Data provided:
(* Let $\mathcal{N}=\{1,\dots,N\}$ be a finite index set of blocks, let $\sigma>0$, and let $\mu_1,\dots,\mu_N\in\mathbb{R}$. For a fixed user $i$, let $p_{i,1},\dots,p_{i,N}>0$ be prior probabilities with $\sum_{n\in\mathcal{N}}p_{i,n}=1$. For $n\in\mathcal{N}$ let $\mathbb{P}(s\mid n)=\frac{1}{\sqrt{2\pi\sigma^2}}e^{-(s-\mu_n)^2/(2\sigma^2)}$ be the Gaussian density with mean $\mu_n$ and standard deviation $\sigma$. For $n'\in\mathcal{N}$ define the decision region $$\mathcal{R}_{i,n'}=\Big\{s\in\mathbb{R} : (s-\mu_{n'})^2-(s-\mu_n)^2\le 2\sigma^2\ln\frac{p_{i,n'}}{p_{i,n}}\ \text{ for all } n\in\mathcal{N}\setminus\{n'\}\Big\}.$$ Let $n,n'\in\mathcal{N}$ with $n\neq n'$ and $\mu_n\neq\mu_{n'}$, and set $$d_{i,n,n'}=\frac{(\mu_{n'}-\mu_n)^2-2\sigma^2\ln(p_{i,n'}/p_{i,n})}{2\sigma|\mu_{n'}-\mu_n|}.$$ Then $$\int_{\mathcal{R}_{i,n'}}\mathbb{P}(s\mid n)\,ds\le\begin{cases}\frac{1}{2}e^{-d_{i,n,n'}^2/2}, & d_{i,n,n'}\ge 0,\\[4pt] 1-\frac{1}{4}e^{-2d_{i,n,n'}^2/\pi}, & d_{i,n,n'}<0.\end{cases}$$
   Context: This arises in received-signal-strength (RSS) based positioning: the space is divided into blocks $n$, the RSS measured by a user located in block $n$ is Gaussian with mean $\mu_n$ and standard deviation $\sigma$, $p_{i,n}$ is the prior probability that user $i$ is in block $n$, and $\mathcal{R}_{i,n'}$ is the set of RSS values for which the (prior-weighted maximum likelihood) estimate of user $i$'s location is block $n'$. The integral is thus the probability that a user in block $n$ is wrongly located in block $n'$. *)

theory Defs
  imports "HOL-Probability.Probability"
begin

definition decision_region ::
  "nat \<Rightarrow> real \<Rightarrow> (nat \<Rightarrow> real) \<Rightarrow> (nat \<Rightarrow> real) \<Rightarrow> nat \<Rightarrow> real set" where
  "decision_region N \<sigma> \<mu> p n' =
     {s. \<forall>n\<in>{1..N} - {n'}. (s - \<mu> n')\<^sup>2 - (s - \<mu> n)\<^sup>2 \<le> 2 * \<sigma>\<^sup>2 * ln (p n' / p n)}"

definition dist_param ::
  "real \<Rightarrow> (nat \<Rightarrow> real) \<Rightarrow> (nat \<Rightarrow> real) \<Rightarrow> nat \<Rightarrow> nat \<Rightarrow> real" where
  "dist_param \<sigma> \<mu> p n n' =
     ((\<mu> n' - \<mu> n)\<^sup>2 - 2 * \<sigma>\<^sup>2 * ln (p n' / p n)) / (2 * \<sigma> * \<bar>\<mu> n' - \<mu> n\<bar>)"

end

(* The decision region for n' lies inside the half-plane where n' beats n alone, which is the
   half-line {s. d <= (s - mu_n) / c} with c = sigma * sgn (mu_n' - mu_n); the substitution
   s = mu_n + c t turns its Gaussian mass into the standard normal tail Q(d) = int_d^oo phi.
   For d >= 0, phi(t) <= exp(-d^2/2) phi(t - d) on [d, oo) gives Q(d) <= exp(-d^2/2) / 2.
   For d < 0, Q(d) = 1 - Q(-d), and Q(x) >= exp(-2 x^2/pi) / 4 for x >= 0 follows by integrating
   the minorant phi(t) >= (t/pi) exp(-2 t^2/pi), which has an explicit antiderivative. *)

theory Submission
  imports Defs "HOL-Real_Asymp.Real_Asymp"
begin

definition std_normal_tail :: "real \<Rightarrow> real" where
  "std_normal_tail x = (LBINT t:{x..}. std_normal_density t)"

lemma set_integrable_normal_density:
  "0 < \<sigma> \<Longrightarrow> A \<in> sets borel \<Longrightarrow> set_integrable lborel A (normal_density \<mu> \<sigma>)"
  unfolding set_integrable_def by (rule integrable_mult_indicator) simp_all

lemma set_integral_mono_set_nonneg:
  fixes f :: "_ \<Rightarrow> real"
  assumes "set_integrable M B f" and "A \<subseteq> B" and "\<And>x. x \<in> B \<Longrightarrow> 0 \<le> f x"
  shows "(LINT x:A|M. f x) \<le> (LINT x:B|M. f x)"
proof (cases "set_integrable M A f")
  case True
  then show ?thesis
    using assms unfolding set_integrable_def set_lebesgue_integral_def
    by (intro integral_mono) (auto split: split_indicator)
next
  case False
  then have "(LINT x:A|M. f x) = 0"
    unfolding set_integrable_def set_lebesgue_integral_def by (rule not_integrable_integral_eq)
  moreover have "0 \<le> (LINT x:B|M. f x)"
    using assms(3) unfolding set_lebesgue_integral_def
    by (intro Bochner_Integration.integral_nonneg) (auto split: split_indicator)
  ultimately show ?thesis by simp
qed

lemma set_integral_normal_density_halfline:
  fixes a c x :: real
  assumes "c \<noteq> 0"
  shows "(LBINT s:{s. x \<le> (s - a) / c}. normal_density a c s) = std_normal_tail x"
proof -
  have ind: "indicator {s. x \<le> (s - a) / c} (a + c * y) = (indicator {x..} y :: real)" for y
    using assms by (simp add: indicator_def)
  have dens: "normal_density a c (a + c * y) = std_normal_density y / \<bar>c\<bar>" for y
    using assms by (simp add: normal_density_def real_sqrt_mult power_mult_distrib)
  have "(LBINT s:{s. x \<le> (s - a) / c}. normal_density a c s)
      = \<bar>c\<bar> * (LBINT y. indicator {x..} y * (std_normal_density y / \<bar>c\<bar>))"
    unfolding set_lebesgue_integral_def
    by (subst lborel_integral_real_affine[OF assms, where t = a]) (simp add: ind dens)
  also have "\<dots> = std_normal_tail x"
    using assms by (simp add: std_normal_tail_def set_lebesgue_integral_def)
  finally show ?thesis .
qed

lemma std_normal_tail_uminus: "std_normal_tail (- x) = 1 - std_normal_tail x"
proof -
  have "1 = (LBINT t:{x..} \<union> {..<x}. std_normal_density t)"
    by (simp add: set_lebesgue_integral_def flip: Compl_atLeast)
  also have "\<dots> = std_normal_tail x + (LBINT t:{..<x}. std_normal_density t)"
    unfolding std_normal_tail_def
    by (intro set_integral_Un set_integrable_normal_density) auto
  also have "(LBINT t:{..<x}. std_normal_density t) = (LBINT t:{-x<..}. std_normal_density t)"
  proof -
    have "{t. - t \<in> {..<x}} = {-x<..}" by auto
    then show ?thesis
      by (simp add: set_integral_reflect[of "{..<x}"] std_normal_density_def)
  qed
  also have "\<dots> = std_normal_tail (- x)"
    unfolding std_normal_tail_def
    by (rule set_integral_cong_set)
       (auto simp: set_borel_measurable_def intro: eventually_mono[OF AE_lborel_singleton[of "- x"]])
  finally show ?thesis by simp
qed

lemma std_normal_tail_le:
  assumes "0 \<le> d"
  shows "std_normal_tail d \<le> 1/2 * exp (- d\<^sup>2 / 2)"
proof -
  have halfline: "{s. 0 \<le> (s - d) / 1} = {d..}" by auto
  have shifted: "(LBINT t:{d..}. normal_density d 1 t) = 1/2"
    using set_integral_normal_density_halfline[of 1 0 d] std_normal_tail_uminus[of 0]
    unfolding halfline by simp
  have "std_normal_tail d \<le> (LBINT t:{d..}. exp (- d\<^sup>2 / 2) * normal_density d 1 t)"
    unfolding std_normal_tail_def
  proof (rule set_integral_mono)
    fix t assume "t \<in> {d..}"
    then have "- t\<^sup>2 / 2 \<le> - d\<^sup>2 / 2 + - (t - d)\<^sup>2 / 2"
      using mult_nonneg_nonneg[OF assms, of "t - d"] by (simp add: power2_eq_square algebra_simps)
    then show "std_normal_density t \<le> exp (- d\<^sup>2 / 2) * normal_density d 1 t"
      by (simp add: normal_density_def exp_add[symmetric] divide_right_mono)
  qed (auto intro: set_integrable_normal_density)
  also have "\<dots> = 1/2 * exp (- d\<^sup>2 / 2)"
    using shifted by simp
  finally show ?thesis .
qed

lemma has_bochner_integral_atLeast_gaussian_first_moment:
  fixes a x :: real
  assumes "0 < a" and "0 \<le> x"
  shows "has_bochner_integral lborel (\<lambda>t. indicator {x..} t * (t * exp (- a * t\<^sup>2)))
           (exp (- a * x\<^sup>2) / (2 * a))"
proof (rule has_bochner_integral_nn_integral)
  define F where "F = (\<lambda>t. - exp (- a * t\<^sup>2) / (2 * a))"
  have lim: "(F \<longlongrightarrow> 0) at_top"
    unfolding F_def using assms(1) by real_asymp
  have "(\<integral>\<^sup>+t. ennreal (t * exp (- a * t\<^sup>2)) * indicator {x..} t \<partial>lborel) = 0 - F x"
    using assms by (intro nn_integral_FTC_atLeast[OF _ _ _ lim])
       (auto intro!: derivative_eq_intros simp: F_def field_simps power2_eq_square)
  moreover have "(\<integral>\<^sup>+t. ennreal (indicator {x..} t * (t * exp (- a * t\<^sup>2))) \<partial>lborel)
      = (\<integral>\<^sup>+t. ennreal (t * exp (- a * t\<^sup>2)) * indicator {x..} t \<partial>lborel)"
    by (intro nn_integral_cong) (simp split: split_indicator)
  ultimately show "(\<integral>\<^sup>+t. ennreal (indicator {x..} t * (t * exp (- a * t\<^sup>2))) \<partial>lborel)
      = ennreal (exp (- a * x\<^sup>2) / (2 * a))"
    by (simp add: F_def)
qed (use assms in \<open>auto split: split_indicator\<close>)

lemma std_normal_density_ge:
  fixes t :: real
  assumes "0 \<le> t"
  shows "t / pi * exp (- 2 * t\<^sup>2 / pi) \<le> std_normal_density t"
proof -
  \<comment> \<open>\<open>exp (c t\<^sup>2) exp (-2 t\<^sup>2 / pi) = exp (- t\<^sup>2 / 2)\<close>, and \<open>e y \<le> exp y\<close> at \<open>y = 2 c t\<^sup>2\<close>
     reduces the claim to \<open>e (4 - pi) \<ge> 2\<close>\<close>
  define c where "c = 2 / pi - 1 / 2"
  have exp_ge: "exp 1 * y \<le> exp y" for y :: real
    using exp_ge_add_one_self[of "y - 1"] by (simp add: exp_diff field_simps)
  have "2 \<le> exp 1 * (4 - pi)"
  proof -
    have "5 / 2 \<le> exp (1 :: real)" using exp_lower_Taylor_quadratic[of 1] by simp
    moreover have "4 / 5 \<le> 4 - pi" using pi_approx by simp
    ultimately have "5 / 2 * (4 / 5) \<le> exp 1 * (4 - pi)" by (intro mult_mono) auto
    then show ?thesis by simp
  qed
  then have "2 / pi \<le> exp 1 * (2 * c)"
    unfolding c_def using pi_gt3 by (simp add: field_simps)
  then have "2 / pi * t\<^sup>2 \<le> exp 1 * (2 * c * t\<^sup>2)"
    using mult_right_mono[of "2 / pi" "exp 1 * (2 * c)" "t\<^sup>2"] by (simp add: mult.assoc)
  also have "\<dots> \<le> exp (2 * (c * t\<^sup>2))"
    using exp_ge[of "2 * c * t\<^sup>2"] by (simp add: mult.assoc)
  also have "\<dots> = (exp (c * t\<^sup>2))\<^sup>2"
    by (rule exp_double)
  finally have "(t * sqrt (2 / pi))\<^sup>2 \<le> (exp (c * t\<^sup>2))\<^sup>2"
    by (simp add: power_mult_distrib mult.commute)
  then have root: "t * sqrt (2 / pi) \<le> exp (c * t\<^sup>2)"
    by (rule power2_le_imp_le) simp
  have "t / pi * exp (- 2 * t\<^sup>2 / pi) = t * sqrt (2 / pi) * exp (- 2 * t\<^sup>2 / pi) / sqrt (2 * pi)"
    by (simp add: real_sqrt_divide real_sqrt_mult field_simps)
  also have "\<dots> \<le> exp (c * t\<^sup>2) * exp (- 2 * t\<^sup>2 / pi) / sqrt (2 * pi)"
    using root by (intro divide_right_mono mult_right_mono) auto
  also have "\<dots> = std_normal_density t"
    by (simp add: std_normal_density_def c_def field_simps flip: exp_add)
  finally show ?thesis .
qed

lemma std_normal_tail_ge:
  assumes "0 \<le> x"
  shows "1/4 * exp (- 2 * x\<^sup>2 / pi) \<le> std_normal_tail x"
proof -
  have "has_bochner_integral lborel (\<lambda>t. 1 / pi * (indicator {x..} t * (t * exp (- (2 / pi) * t\<^sup>2))))
          (1 / pi * (exp (- (2 / pi) * x\<^sup>2) / (2 * (2 / pi))))"
    using assms by (intro has_bochner_integral_mult_right has_bochner_integral_atLeast_gaussian_first_moment) auto
  then have kernel: "has_bochner_integral lborel (\<lambda>t. indicator {x..} t * (t / pi * exp (- 2 * t\<^sup>2 / pi)))
          (1/4 * exp (- 2 * x\<^sup>2 / pi))"
    by (simp add: field_simps)
  have "1/4 * exp (- 2 * x\<^sup>2 / pi) = (LBINT t:{x..}. t / pi * exp (- 2 * t\<^sup>2 / pi))"
    using kernel by (simp add: set_lebesgue_integral_def has_bochner_integral_iff)
  also have "\<dots> \<le> std_normal_tail x"
    unfolding std_normal_tail_def
  proof (rule set_integral_mono)
    show "set_integrable lborel {x..} (\<lambda>t. t / pi * exp (- 2 * t\<^sup>2 / pi))"
      using kernel by (simp add: set_integrable_def has_bochner_integral_iff)
    show "t / pi * exp (- 2 * t\<^sup>2 / pi) \<le> std_normal_density t" if "t \<in> {x..}" for t
      using assms that by (intro std_normal_density_ge) simp
  qed (auto intro: set_integrable_normal_density)
  finally show ?thesis .
qed

lemma pairwise_region_iff_halfline:
  fixes a b s \<sigma> L :: real
  assumes "0 < \<sigma>" and "a \<noteq> b"
  shows "(s - b)\<^sup>2 - (s - a)\<^sup>2 \<le> 2 * \<sigma>\<^sup>2 * L \<longleftrightarrow>
         ((b - a)\<^sup>2 - 2 * \<sigma>\<^sup>2 * L) / (2 * \<sigma> * \<bar>b - a\<bar>) \<le> (s - a) / (\<sigma> * sgn (b - a))"
proof -
  have "(s - a) / (\<sigma> * sgn (b - a)) = 2 * (b - a) * (s - a) / (2 * \<sigma> * \<bar>b - a\<bar>)"
    using assms by (auto simp: sgn_if field_simps)
  moreover have "(s - b)\<^sup>2 - (s - a)\<^sup>2 = (b - a)\<^sup>2 - 2 * (b - a) * (s - a)"
    by (simp add: power2_eq_square algebra_simps)
  ultimately show ?thesis
    using assms by (auto simp: divide_le_cancel mult_less_0_iff)
qed

lemma decision_region_subset_halfline:
  assumes "0 < \<sigma>" and "n \<in> {1..N}" and "n \<noteq> n'" and "\<mu> n \<noteq> \<mu> n'"
  shows "decision_region N \<sigma> \<mu> p n'
           \<subseteq> {s. dist_param \<sigma> \<mu> p n n' \<le> (s - \<mu> n) / (\<sigma> * sgn (\<mu> n' - \<mu> n))}"
proof
  fix s assume "s \<in> decision_region N \<sigma> \<mu> p n'"
  then have "(s - \<mu> n')\<^sup>2 - (s - \<mu> n)\<^sup>2 \<le> 2 * \<sigma>\<^sup>2 * ln (p n' / p n)"
    using assms(2,3) by (auto simp: decision_region_def)
  then show "s \<in> {s. dist_param \<sigma> \<mu> p n n' \<le> (s - \<mu> n) / (\<sigma> * sgn (\<mu> n' - \<mu> n))}"
    using pairwise_region_iff_halfline[OF assms(1,4)] by (simp add: dist_param_def)
qed

theorem proposition1:
  fixes N :: nat and \<sigma> :: real and \<mu> p :: "nat \<Rightarrow> real" and n n' :: nat
  assumes "\<sigma> > 0"
    and "\<And>k. k \<in> {1..N} \<Longrightarrow> p k > 0"
    and "(\<Sum>k\<in>{1..N}. p k) = 1"
    and "n \<in> {1..N}" and "n' \<in> {1..N}" and "n \<noteq> n'" and "\<mu> n \<noteq> \<mu> n'"
  shows "(LINT s:decision_region N \<sigma> \<mu> p n'|lborel. normal_density (\<mu> n) \<sigma> s)
         \<le> (if dist_param \<sigma> \<mu> p n n' \<ge> 0
             then 1/2 * exp (- (dist_param \<sigma> \<mu> p n n')\<^sup>2 / 2)
             else 1 - 1/4 * exp (- 2 * (dist_param \<sigma> \<mu> p n n')\<^sup>2 / pi))"
proof -
  define d where "d = dist_param \<sigma> \<mu> p n n'"
  define c where "c = \<sigma> * sgn (\<mu> n' - \<mu> n)"
  have "c \<noteq> 0" and "c\<^sup>2 = \<sigma>\<^sup>2"
    using assms(1,7) by (auto simp: c_def power_mult_distrib sgn_if)
  then have density: "normal_density (\<mu> n) \<sigma> = normal_density (\<mu> n) c"
    by (simp add: normal_density_def fun_eq_iff)
  have "(LINT s:decision_region N \<sigma> \<mu> p n'|lborel. normal_density (\<mu> n) \<sigma> s)
      \<le> (LBINT s:{s. d \<le> (s - \<mu> n) / c}. normal_density (\<mu> n) \<sigma> s)"
    using assms(1) decision_region_subset_halfline[OF assms(1,4,6,7)] unfolding d_def c_def
    by (intro set_integral_mono_set_nonneg set_integrable_normal_density) auto
  also have "\<dots> = std_normal_tail d"
    unfolding density by (rule set_integral_normal_density_halfline[OF \<open>c \<noteq> 0\<close>])
  finally have "(LINT s:decision_region N \<sigma> \<mu> p n'|lborel. normal_density (\<mu> n) \<sigma> s)
      \<le> std_normal_tail d" .
  moreover have "std_normal_tail d \<le> 1 - 1/4 * exp (- 2 * d\<^sup>2 / pi)" if "d < 0"
    using std_normal_tail_ge[of "- d"] std_normal_tail_uminus[of d] that by simp
  ultimately show ?thesis
    using std_normal_tail_le[of d] unfolding d_def[symmetric] by auto
qed

end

Requirement: How many lines in the records above hold the word "where"? Give only the number.

Written answer: 9